C. I. Macaulay1,5, D. Beckett2, K. Braithwaite3, D. Bliefnick3 and B. Philps4
1Isotope
Geosciences Unit, Scottish Universities Research and Reactor Centre, East Kilbride
G75 0QF.
2BG
International, 100 Thames Valley Park Drive, Reading, Berkshire RG6 1PT.
3BG
Technology, Gas Research and Technology Centre, Ashby Road, Loughborough, Leicestershire
LE11 3GR.
4Royal
School of Mines, Imperial College, London SW7 2BP.
5
Corresponding author: email Calum.Macaulay@glg.ed.ac.uk
Present
address: Department of Geology and Geophysics, University of Edinburgh, Grant
Institute, West Mains Road, Edinburgh EH9 3JW.
The
hydrocarbon reservoir of the Hasdrubal field (offshore Tunisia) lies within
the Eocene El Garia Formation. This formation was deposited on a shallow north-
to NE-facing ramp in the Early Eocene and is composed of a belt of nummulitic
wackestones-grainstones. The nummulitic facies occupies a range of depositional
environments from outer to mid ramp. In addition to Hasdrubal, several other
producing oil- and gasfields have been discovered in the variably dolomitised
El Garia Formation offshore Tunisia.
Cores
from three Hasdrubal wells were examined. Reservoir quality shows a limited
relationship to primary depositional fabric and has been influenced significantly
by compaction and later diagenesis. The highest permeabilities are typically
developed within a dolomitised zone which occurs near the middle of the reservoir
interval across the entire field, and which may follow a primary wackestone
lithofabric (typically 20-30% bulk volume dolomite, with porosities of 15-22%
and permeabilities of 1-30mD). Fractures, particularly in zones surrounding
faults, have resulted in enhanced permeabilities.
Combined
results of isotope (?18O -5.0 to -7.3PDB) and fluid inclusion (Th 80-90°C)
analyses of dolomites from this dolomitised zone indicate that matrix dolomites
are burial diagenesis cements. Dolomitisation of the reservoir was a "closed
system" event and was not the result of major fluid flow or mixing. Magnesium
ions for dolomitisation were derived from the transformation of high-Mg to low-Mg
calcite in nummulite tests within the reservoir facies.
Our
analyses indicate that calcite cements were precipitated at temperatures of
up to almost 150°C in primary and secondary pores and in variably-sealed fractures.

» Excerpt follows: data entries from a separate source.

(* Let $\ell\in V$ be a nonzero $1$-form, let $i,j\in[n]$ be distinct, and let $L$ be a subspace of $\bigwedge^{k}V$ such that $\ell\wedge y=0$ for all $y\in N_{j\to i}L$. Then $\ell\wedge(e_{i}-e_{j})\wedge x=0$ for all $x\in L$. Moreover, if $L$ is nontrivial (no nonzero $v\in V$ satisfies $v\wedge x=0$ for all $x\in L$), then $\ell\wedge(e_{i}-e_{j})\neq0$.
   Context: $\mathbb{F}$ is a field (assumed throughout the paper, for expository purposes, to have characteristic not $2$), $V$ is an $n$-dimensional $\mathbb{F}$-vector space with a fixed basis $e_1,\dots,e_n$, and $\bigwedge V$ its exterior algebra. For $j\in[n]$, $V^{(j)}$ is the span of $\{e_h:h\neq j\}$. Slow shift: for distinct $i,j\in[n]$ and nonzero $m\in\bigwedge^kV$, write uniquely $m=x+e_j\wedge y$ with $x\in\bigwedge^kV^{(j)}$, $y\in\bigwedge^{k-1}V^{(j)}$, and set $N_{j\to i}m=x+e_i\wedge y$ if this is nonzero, and $N_{j\to i}m=e_j\wedge y$ otherwise (the limit as $t\to0$ of the projective action of the linear map $e_j\mapsto e_i+te_j$ fixing the other $e_h$). For a subspace $L$ of $\bigwedge^kV$, $N_{j\to i}L$ is the span of $\{N_{j\to i}m:m\in L\setminus\{0\}\}$. *)

theory Defs
  imports Main
begin

text \<open>Exterior algebra of an n-dimensional space V over a field with basis e_1..e_n
(indices in {1..n}).  An element of the exterior algebra is represented by its
coefficient function on the standard basis e_S = e_{s1} wedge ... wedge e_{sr}
(s1 < ... < sr), i.e. a function from finite subsets S of {1..n} to the field.\<close>

type_synonym 'a ext = "nat set \<Rightarrow> 'a"

definition ext_zero :: "'a::field ext" where
  "ext_zero = (\<lambda>S. 0)"

definition ext_add :: "'a::field ext \<Rightarrow> 'a ext \<Rightarrow> 'a ext" where
  "ext_add a b = (\<lambda>S. a S + b S)"

definition ext_diff :: "'a::field ext \<Rightarrow> 'a ext \<Rightarrow> 'a ext" where
  "ext_diff a b = (\<lambda>S. a S - b S)"

definition ext_smult :: "'a::field \<Rightarrow> 'a ext \<Rightarrow> 'a ext" where
  "ext_smult c a = (\<lambda>S. c * a S)"

definition in_ext :: "nat \<Rightarrow> 'a::field ext \<Rightarrow> bool" where
  "in_ext n a \<longleftrightarrow> (\<forall>S. a S \<noteq> 0 \<longrightarrow> S \<subseteq> {1..n})"

definition in_ext_k :: "nat \<Rightarrow> nat \<Rightarrow> 'a::field ext \<Rightarrow> bool" where
  "in_ext_k n k a \<longleftrightarrow> in_ext n a \<and> (\<forall>S. a S \<noteq> 0 \<longrightarrow> card S = k)"

definition ebasis :: "nat \<Rightarrow> 'a::field ext" where
  "ebasis i = (\<lambda>S. if S = {i} then 1 else 0)"

text \<open>Sign of e_T wedge e_U = sign * e_(T union U) for disjoint T, U.\<close>
definition wsign :: "nat set \<Rightarrow> nat set \<Rightarrow> 'a::field" where
  "wsign T U = (- 1) ^ card {(t, u). t \<in> T \<and> u \<in> U \<and> u < t}"

definition wedge :: "'a::field ext \<Rightarrow> 'a ext \<Rightarrow> 'a ext" where
  "wedge a b = (\<lambda>S. \<Sum>T\<in>Pow S. wsign T (S - T) * a T * b (S - T))"

definition ext_subspace :: "nat \<Rightarrow> nat \<Rightarrow> 'a::field ext set \<Rightarrow> bool" where
  "ext_subspace n k L \<longleftrightarrow> ext_zero \<in> L \<and> (\<forall>a\<in>L. in_ext_k n k a)
     \<and> (\<forall>a\<in>L. \<forall>b\<in>L. ext_add a b \<in> L) \<and> (\<forall>c. \<forall>a\<in>L. ext_smult c a \<in> L)"

definition ext_span :: "'a::field ext set \<Rightarrow> 'a ext set" where
  "ext_span X = {v. \<exists>A c. finite A \<and> A \<subseteq> X \<and> v = (\<lambda>S. \<Sum>u\<in>A. c u * u S)}"

text \<open>Decomposition m = x + e_j wedge y with x, y not involving e_j.\<close>
definition dec_x :: "nat \<Rightarrow> 'a::field ext \<Rightarrow> 'a ext" where
  "dec_x j m = (\<lambda>S. if j \<in> S then 0 else m S)"

definition dec_y :: "nat \<Rightarrow> 'a::field ext \<Rightarrow> 'a ext" where
  "dec_y j m = (\<lambda>T. if j \<in> T then 0 else wsign {j} T * m (insert j T))"

definition slow_shift :: "nat \<Rightarrow> nat \<Rightarrow> 'a::field ext \<Rightarrow> 'a ext" where
  "slow_shift j i m =
    (let z = ext_add (dec_x j m) (wedge (ebasis i) (dec_y j m))
     in if z \<noteq> ext_zero then z else wedge (ebasis j) (dec_y j m))"

definition slow_shift_space :: "nat \<Rightarrow> nat \<Rightarrow> 'a::field ext set \<Rightarrow> 'a ext set" where
  "slow_shift_space j i L = ext_span {slow_shift j i m | m. m \<in> L \<and> m \<noteq> ext_zero}"

definition ext_nontrivial :: "nat \<Rightarrow> 'a::field ext set \<Rightarrow> bool" where
  "ext_nontrivial n L \<longleftrightarrow>
     \<not> (\<exists>v. in_ext_k n 1 v \<and> v \<noteq> ext_zero \<and> (\<forall>x\<in>L. wedge v x = ext_zero))"

end

(* Put w = e_i - e_j and write m in L as m = x + e_j ^ y with x, y free of e_j. Then
   m = z - w ^ y for z = x + e_i ^ y, and w ^ w = 0 (characteristic not 2) gives w ^ m = w ^ z.
   If z <> 0 then z = N_{j->i} m, so l ^ z = 0 and l ^ w ^ m = - w ^ l ^ z = 0.
   If moreover l ^ w = 0, then l is a nonzero multiple of w, so w annihilates N_{j->i} L.
   As z is free of e_j, the e_j-part of w ^ z is - e_j ^ z, which forces z = 0; hence
   m = - w ^ y and N_{j->i} m = e_j ^ y. Now w ^ e_j ^ y = 0 and w ^ w ^ y = 0 give
   w ^ e_i ^ y = 0, i.e. e_i ^ m = 0 for every m in L, contradicting nontriviality. *)

theory Submission
  imports Defs
begin

subsection \<open>Signs\<close>

lemma wsign_nonzero: "wsign T U \<noteq> (0::'a::field)"
  unfolding wsign_def by simp

lemma wsign_mult_self: "wsign T U * wsign T U = (1::'a::field)"
  unfolding wsign_def by (simp add: power_mult_distrib[symmetric])

lemma wsign_empty_right: "wsign T {} = 1"
  unfolding wsign_def by simp

lemma wsign_singleton: "wsign {s} A = (-1) ^ card {a\<in>A. a < s}"
proof -
  have "{(t, u). t \<in> {s} \<and> u \<in> A \<and> u < t} = Pair s ` {a\<in>A. a < s}" by auto
  then show ?thesis unfolding wsign_def by (simp add: card_image inj_on_def)
qed

lemma wsign_Un_left:
  assumes "finite U" "finite V" "finite W" "U \<inter> V = {}"
  shows "wsign (U \<union> V) W = (wsign U W * wsign V W :: 'a::field)"
proof -
  have "{(t, u). t \<in> U \<union> V \<and> u \<in> W \<and> u < t}
      = {(t, u). t \<in> U \<and> u \<in> W \<and> u < t} \<union> {(t, u). t \<in> V \<and> u \<in> W \<and> u < t}"
    by auto
  moreover have "finite {(t, u). t \<in> X \<and> u \<in> W \<and> u < t}" if "finite X" for X
    by (rule finite_subset[of _ "X \<times> W"]) (use that assms in auto)
  ultimately show ?thesis
    unfolding wsign_def using assms by (simp add: card_Un_disjoint disjoint_iff power_add)
qed

lemma wsign_Un_right:
  assumes "finite U" "finite V" "finite W" "V \<inter> W = {}"
  shows "wsign U (V \<union> W) = (wsign U V * wsign U W :: 'a::field)"
proof -
  have "{(t, u). t \<in> U \<and> u \<in> V \<union> W \<and> u < t}
      = {(t, u). t \<in> U \<and> u \<in> V \<and> u < t} \<union> {(t, u). t \<in> U \<and> u \<in> W \<and> u < t}"
    by auto
  moreover have "finite {(t, u). t \<in> U \<and> u \<in> X \<and> u < t}" if "finite X" for X
    by (rule finite_subset[of _ "U \<times> X"]) (use that assms in auto)
  ultimately show ?thesis
    unfolding wsign_def using assms by (simp add: card_Un_disjoint disjoint_iff power_add)
qed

Fracture lining and filling cements show a range of ?18O values, which suggests
that the fractures acted as fluid conduits over a range of temperatures during
burial diagenesis. Fracture densities measured in core increase rapidly close
to seismically-resolvable faults in the reservoir facies. Fracturing probably
resulted in the leakage of hydrocarbons through the Compact Micrite Formation
seal which overlies the accumulation, as well as facilitating the ingress of
hot fluids from stratigraphically deeper levels in the basin.